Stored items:
lemma bilinear_dispersion:
  fixes u t r v :: "nat \<Rightarrow> nat \<Rightarrow> complex"
  assumes N: "1 \<le> N" and pq: "p \<noteq> q"
    and t: "t = col_shift p u" and r: "r = col_shift q u" and v: "v = col_shift q t"
    and disp: "\<And>k. (\<lambda>i. c i * u k i)
                 = (\<lambda>i. u (k + 4) i + \<alpha>3 * u (k + 3) i + \<alpha>2 * u (k + 2) i + \<alpha>1 * u (k + 1) i)"
  shows "G4 \<alpha>1 \<alpha>2 \<alpha>3 (-p) (-q) / (p - q) * (cas_f N u * cas_f N v - cas_f N t * cas_f N r)
         + H2 \<alpha>2 \<alpha>3 p q * (cas_g N u * cas_f N v - cas_f N u * cas_g N v)
         - (p + q - \<alpha>3) * (cas_g N u * cas_g N v - cas_f N u * cas_h N v - cas_f N v * cas_s N u)
         + cas_g N u * cas_h N v - cas_s N u * cas_g N v - cas_f N u * cas_mu N v
         + cas_nu N u * cas_f N v = 0"
proof -
  define \<gamma> where "\<gamma> = G4 \<alpha>1 \<alpha>2 \<alpha>3 (-p) (-q) / (p - q)"
  define H where "H = H2 \<alpha>2 \<alpha>3 p q"
  define h where "h = p + q - \<alpha>3"
  obtain M where M: "N = Suc M" using N by (cases N) auto
  define V where "V = map v [0..<M]"
  define d where "d k = coldet N (map u ([0..<k] @ [Suc k..<Suc N]))" for k
  define w where "w k = coldet N (V @ [v k])" for k
  define S where "S = (\<Sum>k<Suc N. (-1) ^ k * d k * (w (k + 2) - h * w (k + 1) + H * w k))"
  have tail: "(-1) ^ N * S
      = cas_f N u * (cas_mu N v - h * cas_h N v + H * cas_g N v) - cas_g N u * (cas_h N v - h * cas_g N v + H * cas_f N v)
        + cas_s N u * (cas_g N v - h * cas_f N v) - cas_nu N u * cas_f N v"
  proof -
    have "w j = 0" if "j < M" for j
      using that by (simp add: w_def V_def coldet_not_distinct)
    from alternating_minor_sum_tail[OF M this, where u = u and h = h and H = H]
    show ?thesis
      using M by (simp add: S_def d_def w_def V_def cas_f_def cas_g_def cas_h_def cas_mu_def)
  qed
  have "S = \<gamma> * ((-1) ^ M * (cas_f N t * cas_f N r - cas_f N u * cas_f N v))"
    using plucker_dispersion[OF pq t v disp, of N V] coldet_alternating_pairing[OF M, of u q t]
    by (simp add: S_def d_def w_def \<gamma>_def H_def h_def V_def r v cas_f_def)
  then have "(-1) ^ N * S = - (\<gamma> * (cas_f N t * cas_f N r - cas_f N u * cas_f N v))"
    using M by (simp add: ac_simps) (simp add: algebra_simps)
  then show ?thesis
    unfolding \<gamma>_def H_def h_def tail by (simp add: algebra_simps)
qed

section \<open>The Casoratian entries\<close>

lemma psi_swap_pq: "psi \<omega> \<rho> p q a b s n m al be l = psi \<omega> \<rho> q p a b s m n al be l"
  by (simp add: psi_def ac_simps)

lemma psi_shift_n:
  assumes "\<And>j. j \<in> {1..4} \<Longrightarrow> \<omega> j s \<noteq> p"
  shows "psi \<omega> \<rho> p q a b s (n + 1) m al be (int k)
       = p * psi \<omega> \<rho> p q a b s n m al be (int k) + psi \<omega> \<rho> p q a b s n m al be (int (Suc k))"
proof -
  define R where "R j = \<rho> j s * (q - \<omega> j s) powi m * (a - \<omega> j s) powi al * (b - \<omega> j s) powi be" for j
  have psi_R: "psi \<omega> \<rho> p q a b s n' m al be (int l) = (\<Sum>j=1..4. (- \<omega> j s) ^ l * (p - \<omega> j s) powi n' * R j)"
    for n' l by (simp add: psi_def R_def power_int_of_nat ac_simps)
  have "(- \<omega> j s) ^ k * (p - \<omega> j s) powi (n + 1) * Q
      = p * ((- \<omega> j s) ^ k * (p - \<omega> j s) powi n * Q) + (- \<omega> j s) ^ Suc k * (p - \<omega> j s) powi n * Q"
    if "j \<in> {1..4}" for j Q
  proof -
    have "p - \<omega> j s \<noteq> 0" using assms[OF that] by simp
    then have "(p - \<omega> j s) powi (n + 1) = (p - \<omega> j s) powi n * (p - \<omega> j s)"
      by (simp add: power_int_add_1)
    then show ?thesis by (simp only:) (simp add: algebra_simps)
  qed
  then show ?thesis
    unfolding psi_R by (simp add: sum_distrib_left sum.distrib[symmetric])
qed

lemma psi_dispersion:
  assumes roots: "\<And>x. x^4 - \<alpha>3 * x^3 + \<alpha>2 * x^2 - \<alpha>1 * x - c = (\<Prod>j=1..4. x - \<omega> j s)"
  shows "c * psi \<omega> \<rho> p q a b s n m al be (int k)
       = psi \<omega> \<rho> p q a b s n m al be (int (k + 4)) + \<alpha>3 * psi \<omega> \<rho> p q a b s n m al be (int (k + 3))
         + \<alpha>2 * psi \<omega> \<rho> p q a b s n m al be (int (k + 2)) + \<alpha>1 * psi \<omega> \<rho> p q a b s n m al be (int (k + 1))"
proof -
  define R where "R j = \<rho> j s * (p - \<omega> j s) powi n * (q - \<omega> j s) powi m * (a - \<omega> j s) powi al
                          * (b - \<omega> j s) powi be" for j
  have psi_R: "psi \<omega> \<rho> p q a b s n m al be (int l) = (\<Sum>j=1..4. (- \<omega> j s) ^ l * R j)" for l
    by (simp add: psi_def R_def power_int_of_nat ac_simps)
  have "c * ((- \<omega> j s) ^ k * Q) = (- \<omega> j s) ^ (k + 4) * Q + \<alpha>3 * ((- \<omega> j s) ^ (k + 3) * Q)
          + \<alpha>2 * ((- \<omega> j s) ^ (k + 2) * Q) + \<alpha>1 * ((- \<omega> j s) ^ (k + 1) * Q)"
    if "j \<in> {1..4}" for j Q
  proof -
    have "(\<Prod>i=1..4. \<omega> j s - \<omega> i s) = 0"
      using that by (intro prod_zero) auto
    then have "(\<omega> j s)^4 - \<alpha>3 * (\<omega> j s)^3 + \<alpha>2 * (\<omega> j s)^2 - \<alpha>1 * \<omega> j s - c = 0"
      by (simp only: roots)
    then have "c = (\<omega> j s)^4 - \<alpha>3 * (\<omega> j s)^3 + \<alpha>2 * (\<omega> j s)^2 - \<alpha>1 * \<omega> j s"
      by (metis right_minus_eq)
    then show ?thesis
      by (simp only:) (simp add: power_add algebra_simps power2_eq_square power3_eq_cube power4_eq_xxxx)
  qed
  then show ?thesis
    unfolding psi_R by (simp add: sum_distrib_left sum.distrib[symmetric])
qed

(* Row i holds psi_(i+1); the rows beyond N are padded with zeros, which keeps the
   shift relations exact equalities of functions. *)
definition psi_cols ::
    "(nat \<Rightarrow> nat \<Rightarrow> complex) \<Rightarrow> (nat \<Rightarrow> nat \<Rightarrow> complex) \<Rightarrow> complex \<Rightarrow> complex \<Rightarrow> complex \<Rightarrow> complex \<Rightarrow>
     nat \<Rightarrow> int \<Rightarrow> int \<Rightarrow> int \<Rightarrow> int \<Rightarrow> nat \<Rightarrow> nat \<Rightarrow> complex" where
  "psi_cols \<omega> \<rho> p q a b N n m al be l =
     (\<lambda>i. if i < N then psi \<omega> \<rho> p q a b (Suc i) n m al be (int l) else 0)"

lemma psi_cols_swap_pq:
  "psi_cols \<omega> \<rho> p q a b N n m al be = psi_cols \<omega> \<rho> q p a b N m n al be"
  by (intro ext) (simp add: psi_cols_def psi_swap_pq[of _ _ p q])

lemma psi_cols_shift_n:
  assumes "\<And>s j. s \<in> {1..N} \<Longrightarrow> j \<in> {1..4} \<Longrightarrow> \<omega> j s \<noteq> p"
  shows "psi_cols \<omega> \<rho> p q a b N (n + 1) m al be = col_shift p (psi_cols \<omega> \<rho> p q a b N n m al be)"
proof (intro ext)
  fix l i
  show "psi_cols \<omega> \<rho> p q a b N (n + 1) m al be l i = col_shift p (psi_cols \<omega> \<rho> p q a b N n m al be) l i"
  proof (cases "i < N")
    case True
    then have "\<And>j. j \<in> {1..4} \<Longrightarrow> \<omega> j (Suc i) \<noteq> p" using assms by simp
    from psi_shift_n[where \<omega> = \<omega> and s = "Suc i", OF this] show ?thesis
      using True by (simp add: psi_cols_def col_shift_def)
  qed (simp add: psi_cols_def col_shift_def)
qed

lemma psi_cols_shift_m:
  assumes "\<And>s j. s \<in> {1..N} \<Longrightarrow> j \<in> {1..4} \<Longrightarrow> \<omega> j s \<noteq> q"
  shows "psi_cols \<omega> \<rho> p q a b N n (m + 1) al be = col_shift q (psi_cols \<omega> \<rho> p q a b N n m al be)"
  using psi_cols_shift_n[of N \<omega> q \<rho> p a b m n al be, OF assms] by (simp only: psi_cols_swap_pq[of _ _ p q])

lemma psi_cols_dispersion:
  fixes \<rho> :: "nat \<Rightarrow> nat \<Rightarrow> complex" and p q a b :: complex and n m al be :: int
  assumes "\<And>s x. s \<in> {1..N} \<Longrightarrow>
      x^4 - \<alpha>3 * x^3 + \<alpha>2 * x^2 - \<alpha>1 * x - (\<kappa> s ^ 4 - \<alpha>3 * \<kappa> s ^ 3 + \<alpha>2 * \<kappa> s ^ 2 - \<alpha>1 * \<kappa> s)
        = (\<Prod>j=1..4. x - \<omega> j s)"
  defines "U \<equiv> psi_cols \<omega> \<rho> p q a b N n m al be"
  shows "(\<lambda>i. (\<kappa> (Suc i) ^ 4 - \<alpha>3 * \<kappa> (Suc i) ^ 3 + \<alpha>2 * \<kappa> (Suc i) ^ 2 - \<alpha>1 * \<kappa> (Suc i)) * U k i)
       = (\<lambda>i. U (k + 4) i + \<alpha>3 * U (k + 3) i + \<alpha>2 * U (k + 2) i + \<alpha>1 * U (k + 1) i)"
proof
  fix i
  show "(\<kappa> (Suc i) ^ 4 - \<alpha>3 * \<kappa> (Suc i) ^ 3 + \<alpha>2 * \<kappa> (Suc i) ^ 2 - \<alpha>1 * \<kappa> (Suc i)) * U k i
      = U (k + 4) i + \<alpha>3 * U (k + 3) i + \<alpha>2 * U (k + 2) i + \<alpha>1 * U (k + 1) i"
  proof (cases "i < N")
    case True
    then have "Suc i \<in> {1..N}" by simp
    from psi_dispersion[where \<omega> = \<omega> and s = "Suc i", OF assms(1)[OF this]] show ?thesis
      using True by (simp add: U_def psi_cols_def)
  qed (simp add: U_def psi_cols_def)
qed

lemma upto_eq_map_int_upt: "[0..i] = map int [0..<nat (i + 1)]"
proof (induction "nat (i + 1)" arbitrary: i)
  case (Suc K)
  then have "0 \<le> i" "K = nat i" by arith+
  then have "[0..i] = [0..i - 1] @ [int K]" by (simp add: upto_rec2)
  also have "[0..i - 1] = map int [0..<K]" using Suc.hyps(1)[of "i - 1"] \<open>K = nat i\<close> by simp
  finally show ?case unfolding \<open>Suc K = nat (i + 1)\<close>[symmetric] by simp
qed simp

lemma casoratian_map_int:
  "casoratian \<omega> \<rho> p q a b N n m al be (map int L) = coldet N (map (psi_cols \<omega> \<rho> p q a b N n m al be) L)"
proof (cases "length L = N")
  case True
  have "mat N N (\<lambda>(i, j). psi \<omega> \<rho> p q a b (Suc i) n m al be (map int L ! j))
      = mat N N (\<lambda>(i, j). (map (psi_cols \<omega> \<rho> p q a b N n m al be) L ! j) i)"
    using True by (intro eq_matI) (simp_all add: psi_cols_def)
  then show ?thesis using True by (simp add: casoratian_def coldet_def)
qed (simp add: casoratian_def coldet_def)

lemma casoratians_eq_cas:
  fixes \<omega> \<rho> :: "nat \<Rightarrow> nat \<Rightarrow> complex" and p q a b :: complex and n m al be :: int
  assumes "1 \<le> N"
  defines "C \<equiv> casoratian \<omega> \<rho> p q a b N n m al be" and "U \<equiv> psi_cols \<omega> \<rho> p q a b N n m al be"
  shows "C [0..int N - 1] = cas_f N U"
    and "C ([0..int N - 2] @ [int N]) = cas_g N U"
    and "C ([0..int N - 2] @ [int N + 1]) = cas_h N U"
    and "C ([0..int N - 3] @ [int N - 1, int N]) = cas_s N U"
    and "C ([0..int N - 2] @ [int N + 2]) = cas_mu N U"
    and "C ([0..int N - 3] @ [int N - 1, int N + 1]) = cas_theta N U"
    and "C ([0..int N - 4] @ [int N - 2, int N - 1, int N]) = cas_nu N U"
proof -
  have C: "C L' = coldet N (map U L)" if "L' = map int L" for L L'
    unfolding C_def U_def that by (rule casoratian_map_int)
  have prefix: "[0..int N - 1] = map int [0..<N]" "[0..int N - 2] = map int [0..<N - 1]"
      "[0..int N - 3] = map int [0..<N - 2]" "[0..int N - 4] = map int [0..<N - 3]"
    using upto_eq_map_int_upt[of "int N - 1"] upto_eq_map_int_upt[of "int N - 2"]
      upto_eq_map_int_upt[of "int N - 3"] upto_eq_map_int_upt[of "int N - 4"]
    by (simp_all add: nat_diff_distrib')
  show "C [0..int N - 1] = cas_f N U"
    unfolding cas_f_def by (rule C) (simp add: prefix)
  show "C ([0..int N - 2] @ [int N]) = cas_g N U"
    unfolding cas_g_def by (rule C) (simp add: prefix)
  show "C ([0..int N - 2] @ [int N + 1]) = cas_h N U"
    unfolding cas_h_def by (rule C) (simp add: prefix)
  show "C ([0..int N - 3] @ [int N - 1, int N]) = cas_s N U"
    unfolding cas_s_def using assms(1) by (intro C) (simp add: prefix of_nat_diff)
  show "C ([0..int N - 2] @ [int N + 2]) = cas_mu N U"
    unfolding cas_mu_def by (rule C) (simp add: prefix)
  show "C ([0..int N - 3] @ [int N - 1, int N + 1]) = cas_theta N U"
    unfolding cas_theta_def using assms(1) by (intro C) (simp add: prefix of_nat_diff)
  show "C ([0..int N - 4] @ [int N - 2, int N - 1, int N]) = cas_nu N U"
  proof (cases "N = 1")
    case True
    then show ?thesis by (simp add: C_def casoratian_def cas_nu_def coldet_length_neq)
  next
    case False
    then show ?thesis
      unfolding cas_nu_def using assms(1) by (intro C) (simp add: prefix of_nat_diff)
  qed
qed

Instructions to follow: Pull out all lines of the data with the string "rule".

Exercise answer:
    unfolding C_def U_def that by (rule casoratian_map_int)
    unfolding cas_f_def by (rule C) (simp add: prefix)
    unfolding cas_g_def by (rule C) (simp add: prefix)
    unfolding cas_h_def by (rule C) (simp add: prefix)
    unfolding cas_mu_def by (rule C) (simp add: prefix)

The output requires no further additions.